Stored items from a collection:

▼

lemma Em_bounds:
  assumes "length p \<ge> 1" "i \<in> Em p s"
  shows "1 \<le> i" "i + length p - 1 \<le> length s"
  using Em_iff[OF assms(1)] assms(2) by auto

lemma Em_Nil: "length p \<ge> 1 \<Longrightarrow> Em p [] = {}"
  using Em_bounds by fastforce

lemma finite_Em [simp]: "finite (Em p s)"
  unfolding Em_def by simp

lemma Em_st_take:
  assumes "length p \<ge> 1" "L \<le> length s" "1 \<le> i" "i + length p - 1 \<le> L"
  shows "i \<in> Em p (st (take L s)) \<longleftrightarrow> i \<in> Em p s"
proof -
  have "length p \<le> L - (i - 1)" using assms by linarith
  then have "take (length p) (drop (i - 1) (take L s)) = take (length p) (drop (i - 1) s)"
    by (simp add: drop_take min_def)
  then show ?thesis using assms by (simp add: Em_iff st_take_drop_st)
qed

lemma Em_st_drop:
  assumes "length p \<ge> 1" "L \<le> length s"
  shows "i \<in> Em p (st (drop L s)) \<longleftrightarrow> 1 \<le> i \<and> L + i \<in> Em p s"
proof -
  have "drop (i - 1) (drop L s) = drop (L + i - 1) s" if "1 \<le> i" using that by (simp add: add.commute)
  then show ?thesis using assms by (auto simp: Em_iff st_take_drop_st)
qed

lemma overlaps_if_Em:
  assumes m: "length p \<ge> 1" and i: "i \<in> Em p s" and ig: "i + g \<in> Em p s"
    and g: "1 \<le> g" "g \<le> length p - 1"
  shows "g \<in> overlaps p"
proof -
  let ?m = "length p"
  define w1 where "w1 = take ?m (drop (i - 1) s)"
  define w2 where "w2 = take ?m (drop (i + g - 1) s)"
  have "st w1 = p" using i m by (simp add: Em_iff w1_def)
  have "st w2 = p" using ig m by (simp add: Em_iff w2_def)
  have "drop g (drop (i - 1) s) = drop (i + g - 1) s"
    using Em_bounds(1)[OF m i] by (simp add: add.commute)
  then have "drop g w1 = take (?m - g) w2"
    by (simp add: w1_def w2_def drop_take)
  then have "st (drop g p) = st (take (?m - g) p)"
    using st_drop_st[of g w1] st_take_st[of "?m - g" w2] \<open>st w1 = p\<close> \<open>st w2 = p\<close> by simp
  then show ?thesis using g by (simp add: overlaps_def)
qed
fun atoms :: "'a fm \<Rightarrow> 'a set" where
  "atoms (Atom p) = {p}"
| "atoms Bot = {}"
| "atoms (And A B) = atoms A \<union> atoms B"
| "atoms (Or A B) = atoms A \<union> atoms B"
| "atoms (Imp A B) = atoms A \<union> atoms B"
| "atoms (Neg A) = atoms A"
| "atoms (Box A) = atoms A"

text \<open>Classical propositional evaluation, treating boxed formulas as propositional
  variables; a tautology (instance) is a formula true under every such valuation.\<close>

fun peval :: "('a fm \<Rightarrow> bool) \<Rightarrow> 'a fm \<Rightarrow> bool" where
  "peval v (Atom p) = v (Atom p)"
| "peval v Bot = False"
| "peval v (And A B) = (peval v A \<and> peval v B)"
| "peval v (Or A B) = (peval v A \<or> peval v B)"
| "peval v (Imp A B) = (peval v A \<longrightarrow> peval v B)"
| "peval v (Neg A) = (\<not> peval v A)"
| "peval v (Box A) = v (Box A)"

definition taut :: "'a fm \<Rightarrow> bool" where
  "taut A \<longleftrightarrow> (\<forall>v. peval v A)"

inductive K4 :: "'a fm \<Rightarrow> bool" where
  K4_taut: "taut A \<Longrightarrow> K4 A"
| K4_K: "K4 (Imp (Box (Imp A B)) (Imp (Box A) (Box B)))"
| K4_4: "K4 (Imp (Box A) (Box (Box A)))"
| K4_MP: "K4 (Imp A B) \<Longrightarrow> K4 A \<Longrightarrow> K4 B"
| K4_Nec: "K4 A \<Longrightarrow> K4 (Box A)"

▲

- _Problem details_
You are asked to transcribe the complete data exactly.

- _Task result_
lemma Em_bounds:
  assumes "length p \<ge> 1" "i \<in> Em p s"
  shows "1 \<le> i" "i + length p - 1 \<le> length s"
  using Em_iff[OF assms(1)] assms(2) by auto

lemma Em_Nil: "length p \<ge> 1 \<Longrightarrow> Em p [] = {}"
  using Em_bounds by fastforce

lemma finite_Em [simp]: "finite (Em p s)"
  unfolding Em_def by simp

lemma Em_st_take:
  assumes "length p \<ge> 1" "L \<le> length s" "1 \<le> i" "i + length p - 1 \<le> L"
  shows "i \<in> Em p (st (take L s)) \<longleftrightarrow> i \<in> Em p s"
proof -
  have "length p \<le> L - (i - 1)" using assms by linarith
  then have "take (length p) (drop (i - 1) (take L s)) = take (length p) (drop (i - 1) s)"
    by (simp add: drop_take min_def)
  then show ?thesis using assms by (simp add: Em_iff st_take_drop_st)
qed

lemma Em_st_drop:
  assumes "length p \<ge> 1" "L \<le> length s"
  shows "i \<in> Em p (st (drop L s)) \<longleftrightarrow> 1 \<le> i \<and> L + i \<in> Em p s"
proof -
  have "drop (i - 1) (drop L s) = drop (L + i - 1) s" if "1 \<le> i" using that by (simp add: add.commute)
  then show ?thesis using assms by (auto simp: Em_iff st_take_drop_st)
qed

lemma overlaps_if_Em:
  assumes m: "length p \<ge> 1" and i: "i \<in> Em p s" and ig: "i + g \<in> Em p s"
    and g: "1 \<le> g" "g \<le> length p - 1"
  shows "g \<in> overlaps p"
proof -
  let ?m = "length p"
  define w1 where "w1 = take ?m (drop (i - 1) s)"
  define w2 where "w2 = take ?m (drop (i + g - 1) s)"
  have "st w1 = p" using i m by (simp add: Em_iff w1_def)
  have "st w2 = p" using ig m by (simp add: Em_iff w2_def)
  have "drop g (drop (i - 1) s) = drop (i + g - 1) s"
    using Em_bounds(1)[OF m i] by (simp add: add.commute)
  then have "drop g w1 = take (?m - g) w2"
    by (simp add: w1_def w2_def drop_take)
  then have "st (drop g p) = st (take (?m - g) p)"
    using st_drop_st[of g w1] st_take_st[of "?m - g" w2] \<open>st w1 = p\<close> \<open>st w2 = p\<close> by simp
  then show ?thesis using g by (simp add: overlaps_def)
qed
fun atoms :: "'a fm \<Rightarrow> 'a set" where
  "atoms (Atom p) = {p}"
| "atoms Bot = {}"
| "atoms (And A B) = atoms A \<union> atoms B"
| "atoms (Or A B) = atoms A \<union> atoms B"
| "atoms (Imp A B) = atoms A \<union> atoms B"
| "atoms (Neg A) = atoms A"
| "atoms (Box A) = atoms A"

text \<open>Classical propositional evaluation, treating boxed formulas as propositional
  variables; a tautology (instance) is a formula true under every such valuation.\<close>

fun peval :: "('a fm \<Rightarrow> bool) \<Rightarrow> 'a fm \<Rightarrow> bool" where
  "peval v (Atom p) = v (Atom p)"
| "peval v Bot = False"
| "peval v (And A B) = (peval v A \<and> peval v B)"
| "peval v (Or A B) = (peval v A \<or> peval v B)"
| "peval v (Imp A B) = (peval v A \<longrightarrow> peval v B)"
| "peval v (Neg A) = (\<not> peval v A)"
| "peval v (Box A) = v (Box A)"

definition taut :: "'a fm \<Rightarrow> bool" where
  "taut A \<longleftrightarrow> (\<forall>v. peval v A)"

inductive K4 :: "'a fm \<Rightarrow> bool" where
  K4_taut: "taut A \<Longrightarrow> K4 A"
| K4_K: "K4 (Imp (Box (Imp A B)) (Imp (Box A) (Box B)))"
| K4_4: "K4 (Imp (Box A) (Box (Box A)))"
| K4_MP: "K4 (Imp A B) \<Longrightarrow> K4 A \<Longrightarrow> K4 B"
| K4_Nec: "K4 A \<Longrightarrow> K4 (Box A)"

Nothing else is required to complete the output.